Пытаясь определить творческое кредо Владимира Набокова, И. Толстой писал о нем: «Для него не было ничего выше литературы: ни религия, ни мораль, ни добро не представляли в его случае никакой самостоятельной ценности. Литература вбирала все без остатка, являя целый, завершенный мир с полным набором координат, бескрайним пространством и бесконечным временем. С миром реальным литературный мир Набокова соприкасался лишь в той точке, где требовалось рукопись продать». Думается, что сказанное верно только отчасти, так как реальные детали берлинской жизни самого писателя и других русских эмигрантов рассыпаны по многим его произведениям. Примером может служить стихотворение «Берлинская весна», кстати, единственное, где Берлин прямо поименован:

Нищетою необычной
На чужбине дорожу.
Утром в ратуше кирпичной
За конторкой не сижу.
Где я только не шатаюсь
В пустоте весенних дней!
И к подруге возвращаюсь
Все позднее и поздней.
В полумраке стул задену
И, нащупывая свет,
Так растопаюсь, что в стену
Стукнет яростно сосед.
Утром он наполовину
Открывать окно привык,
Чтобы высунуть перину,
Как малиновый язык.
Утром музыкант бродячий
Двор наполнит до краев
При участии горячей
Суматохи воробьев.
Понимают, слава Богу,
Что всему я предпочту
Дикую мою дорогу,
Золотую нищету.
1925

Этих деталей так много, что можно говорить о «берлинском тексте» Набокова, корреспондирующим с его «петербургским текстом» и выступающим в оппозиции «своего – чужого» в качестве характеристики чужого пространства.

Весь топос набоковского Петербурга – это сакральный хронотоп, где греза, мираж, ирреальное пространство потерянных «рая», «сказки», «чуда» соотносятся с сакральным временем Рождества и Пасхи. Следует учесть, однако, что Набоков «играет» с кросспетербургским текстом, в котором топос Петербурга противопоставляется и сопоставляется с топосом Москвы по принципу «чужого европейского» и «интимного своего», так как для него Петербург – «свой» именно потому, что он «нерусский». Берлин же оставался для Набокова чужим, чуждым и нелюбимым еще и потому, что не был Петербургом. Он был остановкой на пути изгнанника, весь топос которой являлся профанным по отношению к сакральному пространству Петербурга. Набоков скрупулезно, с лупой, саркастически-серьезно исследовал его как неизвестный энтомологии вид гусеницы, из которой никогда не выкуклится бабочка.

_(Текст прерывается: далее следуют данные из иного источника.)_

lemma plane_triangle_exists:
  fixes c e a :: real
  assumes "0 \<le> c" "0 \<le> e" "a \<le> c + e" "c \<le> a + e" "e \<le> c + a"
  shows "\<exists>b1 b2 b3::real^2. dist b1 b2 = c \<and> dist b2 b3 = a \<and> dist b1 b3 = e"
proof -
  have dist_vector:
    "dist (vector [x1, y1] :: real^2) (vector [x2, y2]) = sqrt ((x1 - x2)\<^sup>2 + (y1 - y2)\<^sup>2)"
    for x1 y1 x2 y2 :: real
    by (simp add: dist_vec_def L2_set_def sum_2 dist_real_def power2_abs)
  \<comment> \<open>Vertices \<open>(0, 0)\<close>, \<open>(c, 0)\<close>, \<open>(x, y)\<close>, with \<open>x\<close> from the law of cosines.\<close>
  define x where "x = (c\<^sup>2 + e\<^sup>2 - a\<^sup>2) / (2 * c)"
  define y where "y = sqrt (e\<^sup>2 - x\<^sup>2)"
  have "x\<^sup>2 \<le> e\<^sup>2"
  proof (cases "c = 0")
    case False
    have "\<bar>c - e\<bar> \<le> a" using assms by linarith
    then have "(c - e)\<^sup>2 \<le> a\<^sup>2" using power_mono[of "\<bar>c - e\<bar>" a 2] by simp
    moreover have "a\<^sup>2 \<le> (c + e)\<^sup>2" using assms by (intro power_mono) auto
    ultimately have "\<bar>c\<^sup>2 + e\<^sup>2 - a\<^sup>2\<bar> \<le> e * (2 * c)"
      unfolding abs_le_iff power2_eq_square by (simp add: algebra_simps)
    then have "\<bar>x\<bar> \<le> \<bar>e\<bar>"
      using False assms(1,2) by (simp add: x_def abs_divide divide_le_eq)
    then show ?thesis by (simp add: abs_le_square_iff)
  qed (simp add: x_def)
  then have y: "y\<^sup>2 = e\<^sup>2 - x\<^sup>2" by (simp add: y_def)
  have "(c - x)\<^sup>2 + y\<^sup>2 = a\<^sup>2"
  proof (cases "c = 0")
    case True
    then show ?thesis using assms y by (simp add: x_def)
  next
    case False
    then have "2 * c * x = c\<^sup>2 + e\<^sup>2 - a\<^sup>2" by (simp add: x_def)
    then show ?thesis using y by (simp add: power2_eq_square algebra_simps)
  qed
  then have "dist (vector [0, 0] :: real^2) (vector [c, 0]) = c"
    "dist (vector [c, 0] :: real^2) (vector [x, y]) = a"
    "dist (vector [0, 0] :: real^2) (vector [x, y]) = e"
    using assms y by (simp_all add: dist_vector)
  then show ?thesis by blast
qed

section \<open>Shrinking a triangle towards its circumcentre\<close>

lemma comparison_triangle_exists: "\<exists>b1 b2 b3. comparison_triangle a1 a2 a3 b1 b2 b3"
  unfolding comparison_triangle_def
  using dist_triangle[of a1 a2 a3] dist_triangle[of a2 a3 a1] dist_triangle[of a1 a3 a2]
  by (intro plane_triangle_exists) (simp_all add: dist_commute)

lemma circumradius_le_add:
  assumes "dist a1 b1 \<le> s" "dist a2 b2 \<le> s" "dist a3 b3 \<le> s"
  shows "circumradius a1 a2 a3 \<le> circumradius b1 b2 b3 + s"
proof -
  have "circumradius a1 a2 a3 - s \<le> max (dist x b1) (max (dist x b2) (dist x b3))" for x
  proof -
    have "circumradius a1 a2 a3 \<le> max (dist x a1) (max (dist x a2) (dist x a3))"
      unfolding circumradius_def by (rule cINF_lower[OF bdd_below_max_dist UNIV_I])
    also have "\<dots> \<le> max (dist x b1) (max (dist x b2) (dist x b3)) + s"
      using assms dist_triangle[of x a1 b1] dist_triangle[of x a2 b2] dist_triangle[of x a3 b3]
      by (simp add: dist_commute le_max_iff_disj) linarith
    finally show ?thesis by simp
  qed
  then have "circumradius a1 a2 a3 - s \<le> circumradius b1 b2 b3"
    unfolding circumradius_def[of b1 b2 b3] by (intro cINF_greatest) auto
  then show ?thesis by simp
qed

lemma circ_ineq_of_scaled_triangle:
  fixes a1 a2 a3 a1' a2' a3' :: "'a::metric_space"
  assumes "0 < t" "circ_ineq a1' a2' a3'"
    and "dist a1' a2' \<le> t * dist a1 a2" "dist a1' a3' \<le> t * dist a1 a3" "dist a2' a3' \<le> t * dist a2 a3"
    and "circumradius a1 a2 a3 \<le> circumradius a1' a2' a3' + (1 - t) * circumradius a1 a2 a3"
  shows "circ_ineq a1 a2 a3"
  unfolding circ_ineq_def
proof (intro allI impI)
  fix b1 b2 b3
  assume "comparison_triangle a1 a2 a3 b1 b2 b3"
  then have b: "dist b1 b2 = dist a1 a2" "dist b1 b3 = dist a1 a3" "dist b2 b3 = dist a2 a3"
    by (simp_all add: comparison_triangle_def)
  obtain c1 c2 c3 where c: "comparison_triangle a1' a2' a3' c1 c2 c3"
    using comparison_triangle_exists by blast
  have "circumradius a1' a2' a3' \<le> plane_circumradius c1 c2 c3"
    using assms(2) c by (simp add: circ_ineq_def)
  also have "\<dots> \<le> t * plane_circumradius b1 b2 b3"
    using assms(1,3-5) c b by (intro plane_circumradius_le_scaled) (simp_all add: comparison_triangle_def)
  finally have "t * circumradius a1 a2 a3 \<le> t * plane_circumradius b1 b2 b3"
    using assms(6) by (simp add: algebra_simps)
  then show "circumradius a1 a2 a3 \<le> plane_circumradius b1 b2 b3"
    using assms(1) by simp
qed

lemma is_geodesic_dist:
  assumes "is_geodesic g" "t \<in> {0..1}"
  shows "dist (g 0) (g t) = t * dist (g 0) (g 1)"
    and "dist (g t) (g 1) = (1 - t) * dist (g 0) (g 1)"
proof -
  have "dist (g s) (g s') = dist (g 0) (g 1) * \<bar>s - s'\<bar>" if "s \<in> {0..1}" "s' \<in> {0..1}" for s s'
    using assms(1) that unfolding is_geodesic_def by blast
  from this[of 0 t] this[of t 1] assms(2)
  show "dist (g 0) (g t) = t * dist (g 0) (g 1)" "dist (g t) (g 1) = (1 - t) * dist (g 0) (g 1)"
    by simp_all
qed

lemma busemann_dist_le:
  fixes g h :: "real \<Rightarrow> 'a::metric_space"
  assumes "busemann_space TYPE('a)" "is_geodesic g" "is_geodesic h" "g 0 = h 0" "t \<in> {0..1}"
  shows "dist (g t) (h t) \<le> t * dist (g 1) (h 1)"
proof -
  have "convex_on {0..1} (\<lambda>s. dist (g s) (h s))"
    using assms(1-3) unfolding busemann_space_def by blast
  then have "dist (g ((1 - t) *\<^sub>R 0 + t *\<^sub>R 1)) (h ((1 - t) *\<^sub>R 0 + t *\<^sub>R 1))
      \<le> (1 - t) * dist (g 0) (h 0) + t * dist (g 1) (h 1)"
    using assms(5) by (intro convex_onD) auto
  then show ?thesis
    using assms(4) by simp
qed

lemma circ_ineq_if_local_at_circumcentre:
  fixes a1 a2 a3 m :: "'a::metric_space"
  assumes busemann: "busemann_space TYPE('a)"
    and U: "open U" "m \<in> U" "\<forall>a1\<in>U. \<forall>a2\<in>U. \<forall>a3\<in>U. circ_ineq a1 a2 a3"
    and centre: "max (dist m a1) (max (dist m a2) (dist m a3)) = circumradius a1 a2 a3"
  shows "circ_ineq a1 a2 a3"
proof -
  define R where "R = circumradius a1 a2 a3"
  have R: "dist m a1 \<le> R" "dist m a2 \<le> R" "dist m a3 \<le> R"
    using centre by (simp_all flip: R_def)
  obtain \<epsilon> where \<epsilon>: "0 < \<epsilon>" "ball m \<epsilon> \<subseteq> U"
    using U(1,2) open_contains_ball_eq by blast
  define t where "t = min 1 (\<epsilon> / (2 * (R + 1)))"
  have R0: "0 \<le> R" using R(1) zero_le_dist[of m a1] by linarith
  have t: "0 < t" "t \<in> {0..1}"
    using R0 \<epsilon>(1) by (auto simp: t_def)
  have "t * R \<le> \<epsilon> / (2 * (R + 1)) * (R + 1)"
    using R0 \<epsilon>(1) by (intro mult_mono) (auto simp: t_def)
  also have "\<dots> = \<epsilon> / 2"
    using R0 by (simp add: field_simps)
  finally have tR: "t * R < \<epsilon>" using \<epsilon>(1) by simp
  have shrink: "g t \<in> U" "dist a (g t) \<le> (1 - t) * R"
    if "is_geodesic g" "g 0 = m" "g 1 = a" "dist m a \<le> R" for g a
  proof -
    have "dist m (g t) = t * dist m a"
      using is_geodesic_dist(1)[OF that(1) t(2)] that(2,3) by simp
    also have "\<dots> \<le> t * R" using that(4) t(1) by simp
    also have "\<dots> < \<epsilon>" by (rule tR)
    finally show "g t \<in> U" using \<epsilon>(2) by auto
    have "dist a (g t) = (1 - t) * dist m a"
      using is_geodesic_dist(2)[OF that(1) t(2)] that(2,3) by (simp add: dist_commute)
    also have "\<dots> \<le> (1 - t) * R" using that(4) t(2) by (simp add: mult_left_mono)
    finally show "dist a (g t) \<le> (1 - t) * R" .
  qed
  have "\<exists>g. is_geodesic g \<and> g 0 = m \<and> g 1 = a" for a
    using busemann unfolding busemann_space_def geodesic_space_def by blast
  then obtain g1 g2 g3 where g: "is_geodesic g1" "g1 0 = m" "g1 1 = a1"
    "is_geodesic g2" "g2 0 = m" "g2 1 = a2" "is_geodesic g3" "g3 0 = m" "g3 1 = a3"
    by metis
  have near: "g1 t \<in> U" "dist a1 (g1 t) \<le> (1 - t) * R"
    "g2 t \<in> U" "dist a2 (g2 t) \<le> (1 - t) * R" "g3 t \<in> U" "dist a3 (g3 t) \<le> (1 - t) * R"
    using shrink[OF g(1-3) R(1)] shrink[OF g(4-6) R(2)] shrink[OF g(7-9) R(3)] by auto
  show ?thesis
  proof (rule circ_ineq_of_scaled_triangle[OF t(1)])
    show "circ_ineq (g1 t) (g2 t) (g3 t)"
      using U(3) near by simp
    show "dist (g1 t) (g2 t) \<le> t * dist a1 a2"
      using busemann_dist_le[OF busemann g(1,4) _ t(2)] g by simp
    show "dist (g1 t) (g3 t) \<le> t * dist a1 a3"
      using busemann_dist_le[OF busemann g(1,7) _ t(2)] g by simp
    show "dist (g2 t) (g3 t) \<le> t * dist a2 a3"
      using busemann_dist_le[OF busemann g(4,7) _ t(2)] g by simp
    show "circumradius a1 a2 a3 \<le> circumradius (g1 t) (g2 t) (g3 t) + (1 - t) * circumradius a1 a2 a3"
      using near unfolding R_def by (intro circumradius_le_add)
  qed
qed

Грубо натуралистический портрет Берлина создавался целой системой приемов. Среди них – реальные берлинские адреса: Курфюрстендам, Цоо (знаменитый Зоологический сад), аптека на углу Потсдамер и Приватштрассе с механической рекламой мыла и бритья, лекционный зал в Кройцберге, где был убит отец Набокова, адрес дантиста, причинившего в детстве «неприличную» боль – Ин ден Цельтен, 18 А, Грюневальд, Фербеллинерплатц (где были высажены анютины глазки, напоминавшие Набокову и его маленькому сыну своей «кляксой» «толпу беснующихся на ветру маленьких гитлеров»), Винтергартен, Шарлоттенбург, Павлиний остров, Ангальтский вокзал, вокзал на Фридрихштрассе, Тауенциештрассе, Шварцвальд. Реалии быта: Полицейское управление, Финансовое управление, эмигрантские газеты («Руль»), литературные вечера, экскурсии за город, русские рестораны («Pir goroj»), пансионы, магазины, балы, монархические собрания, русский кинематограф.

Если «воздушному», «призрачному» Петербургу у Набокова изоморфны сияние, сверкание, серебристый и золотистый цвета, детский смех, восторг, величавость, изобилие, теплота и праздничность, то «приземленному», «чересчур реальному», «слишком материальному», ненавистному Берлину в рассказах, романах, мемуарах писателя соответствуют будничность, сумеречность, бледность, тусклость, сырость, холод, отсутствие тайны, из цветов – черный, белый, серый, тускло-оливковый, тускло-коричневый, нищета, каторжный труд, усталость, скука, неопрятность, грубая пища, примитивность, безвкусие, скудность, скупость, аляповатость, агрессивность и милитаризм.